Have any of yall read the article about the guy getting busted gigging the bass in the new GON issue? I was wondering if it was anywhere on the enternet? Thanks


----------



## K-DAWG XB 2003 (Feb 14, 2011)

Where did it happen? Was it in Camden county?


----------



## skiff23 (Feb 14, 2011)

I read it. It was down near St Mary's. He had already been caught and convicted in FLA . It was one the law should have made a bigger example of.


----------



## K-DAWG XB 2003 (Feb 14, 2011)

What month was it in?


----------



## Ga Waters (Feb 14, 2011)

what I want to know is how he got that close to that many redfish with a 10' gig!


----------



## skiff23 (Feb 14, 2011)

Last Month . Evedently he was good at it because he had been caught in Fla and was selling the fish.


----------



## K-DAWG XB 2003 (Feb 15, 2011)

Redfish are very easy to gig.
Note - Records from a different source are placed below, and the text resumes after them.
(* Every finite simple graph possesses an admissible ordering of its edges.
   Context: An admissible edge ordering of a graph $G$ is a total order $\succ$ on $E(G)$ such that for any edges $\{a,b\},\{c,d\}$ with $\{a,b\}\cap\{c,d\}=\emptyset$ and $\{a,b\}\succ\{c,d\}$, either all edges incident to $a$ are larger than $\{c,d\}$ or all edges incident to $b$ are larger than $\{c,d\}$. *)

theory Defs
  imports Main
begin

definition simple_graph :: "'a set \<Rightarrow> 'a set set \<Rightarrow> bool" where
  "simple_graph V E \<longleftrightarrow> finite V \<and> (\<forall>e\<in>E. e \<subseteq> V \<and> card e = 2)"

(* An edge ordering is a strict total order on E, given as a relation r where
   (f, e) \<in> r means  e \<succ> f  (e is larger than f). *)
definition admissible_edge_ordering :: "'a set set \<Rightarrow> ('a set \<times> 'a set) set \<Rightarrow> bool" where
  "admissible_edge_ordering E r \<longleftrightarrow>
     strict_linear_order_on E r \<and> r \<subseteq> E \<times> E \<and>
     (\<forall>a b c d. {a, b} \<in> E \<longrightarrow> {c, d} \<in> E \<longrightarrow> {a, b} \<inter> {c, d} = {} \<longrightarrow>
        ({c, d}, {a, b}) \<in> r \<longrightarrow>
        (\<forall>e\<in>E. a \<in> e \<longrightarrow> ({c, d}, e) \<in> r) \<or>
        (\<forall>e\<in>E. b \<in> e \<longrightarrow> ({c, d}, e) \<in> r))"

end

theory Submission
  imports Defs "HOL-Library.Product_Lexorder"
begin

text \<open>Number the vertices injectively and call an edge larger the smaller the number of its
lower endpoint, breaking ties by the upper endpoint. If \<open>{a, b} \<succ> {c, d}\<close> are disjoint, the
lower endpoint \<open>x\<close> of \<open>{a, b}\<close> has a number strictly below both numbers of \<open>{c, d}\<close>; every edge
through \<open>x\<close> has lower endpoint numbered at most that of \<open>x\<close> and is therefore larger than \<open>{c, d}\<close>.\<close>

definition min_rank :: "('a \<Rightarrow> 'b::linorder) \<Rightarrow> 'a set \<Rightarrow> 'b" where
  "min_rank f e = Min (f ` e)"

definition max_rank :: "('a \<Rightarrow> 'b::linorder) \<Rightarrow> 'a set \<Rightarrow> 'b" where
  "max_rank f e = Max (f ` e)"

definition rank_edge_order :: "('a \<Rightarrow> 'b::linorder) \<Rightarrow> 'a set set \<Rightarrow> ('a set \<times> 'a set) set" where
  "rank_edge_order f E =
     {(g, e). g \<in> E \<and> e \<in> E \<and> (min_rank f e, max_rank f e) < (min_rank f g, max_rank f g)}"

lemma strict_linear_order_on_reverse_key:
  fixes key :: "'a \<Rightarrow> 'b::linorder"
  assumes "inj_on key A"
  shows "strict_linear_order_on A {(y, x). y \<in> A \<and> x \<in> A \<and> key x < key y}"
  unfolding strict_linear_order_on_def trans_def irrefl_def total_on_def
  using assms by (auto simp: inj_on_def) (meson linorder_neqE)

lemma image_card_two_eq_Min_Max:
  fixes f :: "'a \<Rightarrow> 'b::linorder"
  assumes "card e = 2"
  shows "f ` e = {Min (f ` e), Max (f ` e)}"
proof -
  obtain x y where "e = {x, y}"
    using assms by (auto simp: card_2_iff)
  then show ?thesis
    by (auto simp: min_def max_def)
qed

lemma inj_on_rank_pair:
  assumes "inj_on f V" and "\<And>e. e \<in> E \<Longrightarrow> e \<subseteq> V \<and> card e = 2"
  shows "inj_on (\<lambda>e. (min_rank f e, max_rank f e)) E"
proof (rule inj_onI)
  fix e g
  assume "e \<in> E" "g \<in> E" and "(min_rank f e, max_rank f e) = (min_rank f g, max_rank f g)"
  then have "f ` e = f ` g"
    using assms(2) image_card_two_eq_Min_Max[of _ f] by (metis min_rank_def max_rank_def prod.inject)
  then show "e = g"
    using assms \<open>e \<in> E\<close> \<open>g \<in> E\<close> by (meson inj_on_image_eq_iff)
qed

lemma min_rank_attained:
  assumes "finite e" "e \<noteq> {}"
  obtains x where "x \<in> e" "min_rank f e = f x"
proof -
  have "Min (f ` e) \<in> f ` e"
    using assms by simp
  then show ?thesis
    using that unfolding min_rank_def by blast
qed

lemma min_rank_le:
  assumes "finite e" "x \<in> e"
  shows "min_rank f e \<le> f x"
  using assms unfolding min_rank_def by simp

lemma min_rank_less_if_disjoint_larger:
  assumes "inj_on f V" "e \<subseteq> V" "g \<subseteq> V" "finite e" "e \<noteq> {}" "finite g" "g \<noteq> {}"
    and "e \<inter> g = {}" and "(g, e) \<in> rank_edge_order f E"
  shows "min_rank f e < min_rank f g"
proof -
  obtain x where x: "x \<in> e" "min_rank f e = f x"
    using assms(4,5) by (rule min_rank_attained)
  obtain y where y: "y \<in> g" "min_rank f g = f y"
    using assms(6,7) by (rule min_rank_attained)
  have "x \<noteq> y"
    using x y \<open>e \<inter> g = {}\<close> by auto
  then have "min_rank f e \<noteq> min_rank f g"
    using x y assms(1-3) by (auto simp: inj_on_def)
  then show ?thesis
    using assms(9) unfolding rank_edge_order_def by auto
qed

lemma admissible_rank_edge_order:
  assumes "simple_graph V E" and "inj_on f V"
  shows "admissible_edge_ordering E (rank_edge_order f E)"
proof -
  have edge: "e \<subseteq> V" "card e = 2" "finite e" "e \<noteq> {}" if "e \<in> E" for e
    using assms(1) that unfolding simple_graph_def by (auto intro: card_ge_0_finite)
  have "strict_linear_order_on E (rank_edge_order f E)"
    unfolding rank_edge_order_def
    by (rule strict_linear_order_on_reverse_key, rule inj_on_rank_pair) (use assms(2) edge in auto)
  moreover have "(\<forall>e\<in>E. a \<in> e \<longrightarrow> ({c, d}, e) \<in> rank_edge_order f E) \<or>
                 (\<forall>e\<in>E. b \<in> e \<longrightarrow> ({c, d}, e) \<in> rank_edge_order f E)"
    if ab: "{a, b} \<in> E" and cd: "{c, d} \<in> E" and "{a, b} \<inter> {c, d} = {}"
      and "({c, d}, {a, b}) \<in> rank_edge_order f E" for a b c d
  proof -
    have less: "min_rank f {a, b} < min_rank f {c, d}"
      using that assms(2) edge[OF ab] edge[OF cd] by (intro min_rank_less_if_disjoint_larger) auto
    obtain x where x: "x \<in> {a, b}" "min_rank f {a, b} = f x"
      using edge(3,4)[OF ab] by (rule min_rank_attained)
    have "({c, d}, e) \<in> rank_edge_order f E" if "e \<in> E" "x \<in> e" for e
      using min_rank_le[OF edge(3)[OF \<open>e \<in> E\<close>] \<open>x \<in> e\<close>, of f] less x cd \<open>e \<in> E\<close>
      unfolding rank_edge_order_def by auto
    then show ?thesis
      using x by auto
  qed
  ultimately show ?thesis
    unfolding admissible_edge_ordering_def rank_edge_order_def by blast
qed

theorem lemma6p2:
  fixes V :: "'a set" and E :: "'a set set"
  assumes "simple_graph V E"
  shows "\<exists>r. admissible_edge_ordering E r"
proof -
  obtain f :: "'a \<Rightarrow> nat" where "inj_on f V"
    using assms finite_imp_inj_to_nat_seg unfolding simple_graph_def by metis
  then show ?thesis
    using admissible_rank_edge_order[OF assms] by blast
qed

end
They arent hard to see and they arent real shy at night. I have seen them while flounder gigging. You can reach down with the gig and push them out of the way. Its very tempting.


----------



## G Duck (Feb 15, 2011)

Ditto.  K Dawg. They just sit there. You sometimes have to tap them to make them move.


----------



## Ga Waters (Feb 15, 2011)

thanks. I did not know that. Only been flounder giging once or twice.


----------



## G Duck (Feb 15, 2011)

Sheephead also,are about as tame as redfish under the light.


----------



## creekrocket (Feb 15, 2011)

Its getting about that time G Duck...


----------



## G Duck (Feb 15, 2011)

Yep, but Im waiting to get after the TTail. Have to come back and give it another try.


----------



## FOD (Feb 16, 2011)

So how about a gigging thread?


----------



## G Duck (Feb 16, 2011)

Ga Waters said:


> thanks. I did not know that. Only been flounder giging once or twice.



You ought to go more, you live in one of the best areas!
pretty fun time.


----------



## Magowah (Feb 16, 2011)

they caught a guy shooting bass on the bed at night with a bow in pickensville al a few years back.  should be a hanging offense


----------



## creekrocket (Feb 17, 2011)

Here are a couple from last year...


----------



## erock (Feb 21, 2011)

I finally got to read the article last night. This guy had something like 56 redfish in his boat. He told the officers that the fines in GA arent that bad and it was worth the risk. The judge said "Oh really? We'll see about that."


----------



## FOD (Feb 21, 2011)

Yeah,I wonder why we catch so much flack for gigging???


----------